Let's try your first Towhee pipeline. Below is an example for how to create a CLIP-based cross modal retrieval pipeline.
The example needs towhee 1.0.0, which can be installed with pip install towhee==1.0.0
, The latest usage documentation.
from glob import glob
from towhee import ops, pipe, DataCollection
# create image embeddings and build index
p = (
pipe.input('file_name')
.map('file_name', 'img', ops.image_decode.cv2())
.map('img', 'vec', ops.image_text_embedding.clip(model_name='clip_vit_base_patch32', modality='image'))
.map('vec', 'vec', ops.towhee.np_normalize())
.map(('vec', 'file_name'), (), ops.ann_insert.faiss_index('./faiss', 512))
.output()
)
for f_name in ['https://raw.githubusercontent.com/towhee-io/towhee/main/assets/dog1.png',
'https://raw.githubusercontent.com/towhee-io/towhee/main/assets/dog2.png',
'https://raw.githubusercontent.com/towhee-io/towhee/main/assets/dog3.png']:
p(f_name)
# Delete the pipeline object, make sure the faiss data is written to disk.
del p
# search image by text
decode = ops.image_decode.cv2('rgb')
p = (
pipe.input('text')
.map('text', 'vec', ops.image_text_embedding.clip(model_name='clip_vit_base_patch32', modality='text'))
.map('vec', 'vec', ops.towhee.np_normalize())
# faiss op result format: [[id, score, [file_name], ...]
.map('vec', 'row', ops.ann_search.faiss_index('./faiss', 3))

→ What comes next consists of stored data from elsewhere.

(* Let $\beta:=\frac{1}{2\pi}\int_{-\infty}^{\infty}\prod_{k=1}^\infty\frac{k^{2\alpha}}{k^{2\alpha}+t^2}\,dt$, which is a finite positive constant depending only on $\alpha$. Then as $i,j\to\infty$, \[ \Pr[BINGO(i,j)]\sim\beta\,\bigl(i^{-\alpha}+j^{-\alpha}\bigr). \] In particular $\Pr[BINGO(n,n)]\sim 2\beta n^{-\alpha}$ as $n\to\infty$.
   Context: Fix $\alpha>1$. Let $(X_k,Y_k)_{k\ge2}$ be the Markov chain on $\mathbb N\times\mathbb N$ with $(X_2,Y_2)=(1,1)$ and, from state $(i,j)$, moving to $(i+1,j)$ with probability $i^\alpha/(i^\alpha+j^\alpha)$ and to $(i,j+1)$ with probability $j^\alpha/(i^\alpha+j^\alpha)$. $BINGO(i,j)$ is the event that the chain visits the state $(i,j)$. *)

theory Defs
  imports "HOL-Probability.Probability" "HOL-Library.Landau_Symbols"
begin

definition urn_step :: "real \<Rightarrow> nat \<times> nat \<Rightarrow> (nat \<times> nat) pmf" where
  "urn_step \<alpha> s = (case s of (i, j) \<Rightarrow>
     map_pmf (\<lambda>b. if b then (i + 1, j) else (i, j + 1))
       (bernoulli_pmf (real i powr \<alpha> / (real i powr \<alpha> + real j powr \<alpha>))))"

text \<open>Distribution of the trajectory (X_2, ..., X_n) as a list of states (for n >= 2);
  the chain starts at (X_2, Y_2) = (1,1).\<close>
fun urn_paths :: "real \<Rightarrow> nat \<Rightarrow> (nat \<times> nat) list pmf" where
  "urn_paths \<alpha> 0 = return_pmf [(1, 1)]"
| "urn_paths \<alpha> (Suc 0) = return_pmf [(1, 1)]"
| "urn_paths \<alpha> (Suc (Suc 0)) = return_pmf [(1, 1)]"
| "urn_paths \<alpha> (Suc (Suc (Suc n))) =
     bind_pmf (urn_paths \<alpha> (Suc (Suc n)))
       (\<lambda>xs. map_pmf (\<lambda>s. xs @ [s]) (urn_step \<alpha> (last xs)))"

text \<open>Pr[BINGO(i,j)]: probability that the chain ever visits (i,j), as the limit (supremum)
  of the probabilities of visiting (i,j) by time n.\<close>
definition bingo_prob :: "real \<Rightarrow> nat \<Rightarrow> nat \<Rightarrow> real" where
  "bingo_prob \<alpha> i j = (SUP n. measure_pmf.prob (urn_paths \<alpha> n) {xs. (i, j) \<in> set xs})"

definition bingo_beta :: "real \<Rightarrow> real" where
  "bingo_beta \<alpha> = 1 / (2 * pi) *
     (LINT t|lborel. (\<Prod>k. real (Suc k) powr (2 * \<alpha>) / (real (Suc k) powr (2 * \<alpha>) + t\<^sup>2)))"

end

theory Submission
  imports Defs
begin

text \<open>
  Rubin's construction embeds the walk in continuous time: the first coordinate advances at the
  arrival times of a renewal process with independent exponential gaps of rates
  \<open>c\<^sub>k = (k + 1)\<^sup>\<alpha>\<close>, the second at those of an independent copy.  Reading off when the two
  processes interleave gives the Fourier representation
  \<open>2\<pi> Pr[BINGO(u+1, v+1)] = \<integral> \<phi>\<^sub>u\<^sub>+\<^sub>1 \<phi>\<^sub>v\<^sup>* / c\<^sub>u + \<phi>\<^sub>u \<phi>\<^sub>v\<^sub>+\<^sub>1\<^sup>* / c\<^sub>v dt\<close>, where \<open>\<phi>\<^sub>m\<close> is the
  characteristic function of the sum of the first \<open>m\<close> gaps.  Instead of formalising the embedding
  we check that the right-hand side obeys the recursion of the visiting probabilities; the boundary
  terms are integrals of products of at least two distinct factors \<open>1 / (c\<^sub>k - i t)\<close>, which vanish
  by partial fractions.  As \<open>\<Sum> 1 / c\<^sub>k < \<infinity>\<close>, \<open>\<phi>\<^sub>m\<close> converges in \<open>L\<^sup>1\<close> to \<open>\<phi>\<^sub>\<infinity>\<close>, so both
  integrals tend to \<open>\<integral> |\<phi>\<^sub>\<infinity>|\<^sup>2 = 2\<pi>\<beta>\<close>, and the weights \<open>i\<^sup>-\<^sup>\<alpha>\<close>, \<open>j\<^sup>-\<^sup>\<alpha>\<close> combine the two terms
  convexly.
\<close>

section \<open>Integrals over the real line\<close>

lemma
  shows integrable_inverse_1_plus_square_lborel: "integrable lborel (\<lambda>x::real. 1 / (1 + x\<^sup>2))"
    and lborel_integral_inverse_1_plus_square: "(LINT x|lborel. 1 / (1 + x\<^sup>2)) = pi"
proof -
  have UNIV: "einterval (-\<infinity>) \<infinity> = UNIV" by (auto simp: einterval_def)
  show "integrable lborel (\<lambda>x::real. 1 / (1 + x\<^sup>2))"
    using integrable_inverse_1_plus_square unfolding UNIV set_integrable_def
    by (simp add: divide_inverse)
  show "(LINT x|lborel. 1 / (1 + x\<^sup>2)) = pi"
    using LBINT_inverse_1_plus_square
    unfolding interval_lebesgue_integral_def UNIV set_lebesgue_integral_def
    by (simp add: divide_inverse)
qed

.map('row', 'images', lambda x: [decode(item[2][0]) for item in x])
.output('text', 'images')
)
DataCollection(p('a cat')).show()
Learn more examples from the Towhee Examples.
Towhee is composed of four main building blocks - Operators
, Pipelines
, DataCollection API
and Engine
.
Operators: An operator is a single building block of a neural data processing pipeline. Different implementations of operators are categorized by tasks, with each task having a standard interface. An operator can be a deep learning model, a data processing method, or a Python function.
Pipelines: A pipeline is composed of several operators interconnected in the form of a DAG (directed acyclic graph). This DAG can direct complex functionalities, such as embedding feature extraction, data tagging, and cross modal data analysis.
DataCollection API: A Pythonic and method-chaining style API for building custom pipelines. A pipeline defined by the DataColltion API can be run locally on a laptop for fast prototyping and then be converted to a docker image, with end-to-end optimizations, for production-ready environments.
Engine: The engine sits at Towhee's core. Given a pipeline, the engine will drive dataflow among individual operators, schedule tasks, and monitor compute resource usage (CPU/GPU/etc). We provide a basic engine within Towhee to run pipelines on a single-instance machine and a Triton-based engine for docker containers.
Writing code is not the only way to contribute! Submitting issues, answering questions, and improving documentation are just some of the many ways you can help our growing community. Check out our contributing page for more information.
Special thanks goes to these folks for contributing to Towhee, either on Github, our Towhee Hub, or elsewhere:
Looking for a database to store and index your embedding vectors? Check out Milvus.
FAQs
Towhee is a framework that helps you encode your unstructured data into embeddings.
We found that towhee demonstrated a healthy version release cadence and project activity because the last version was released less than a year ago. It has 1 open source maintainer collaborating on the project.
Did you know?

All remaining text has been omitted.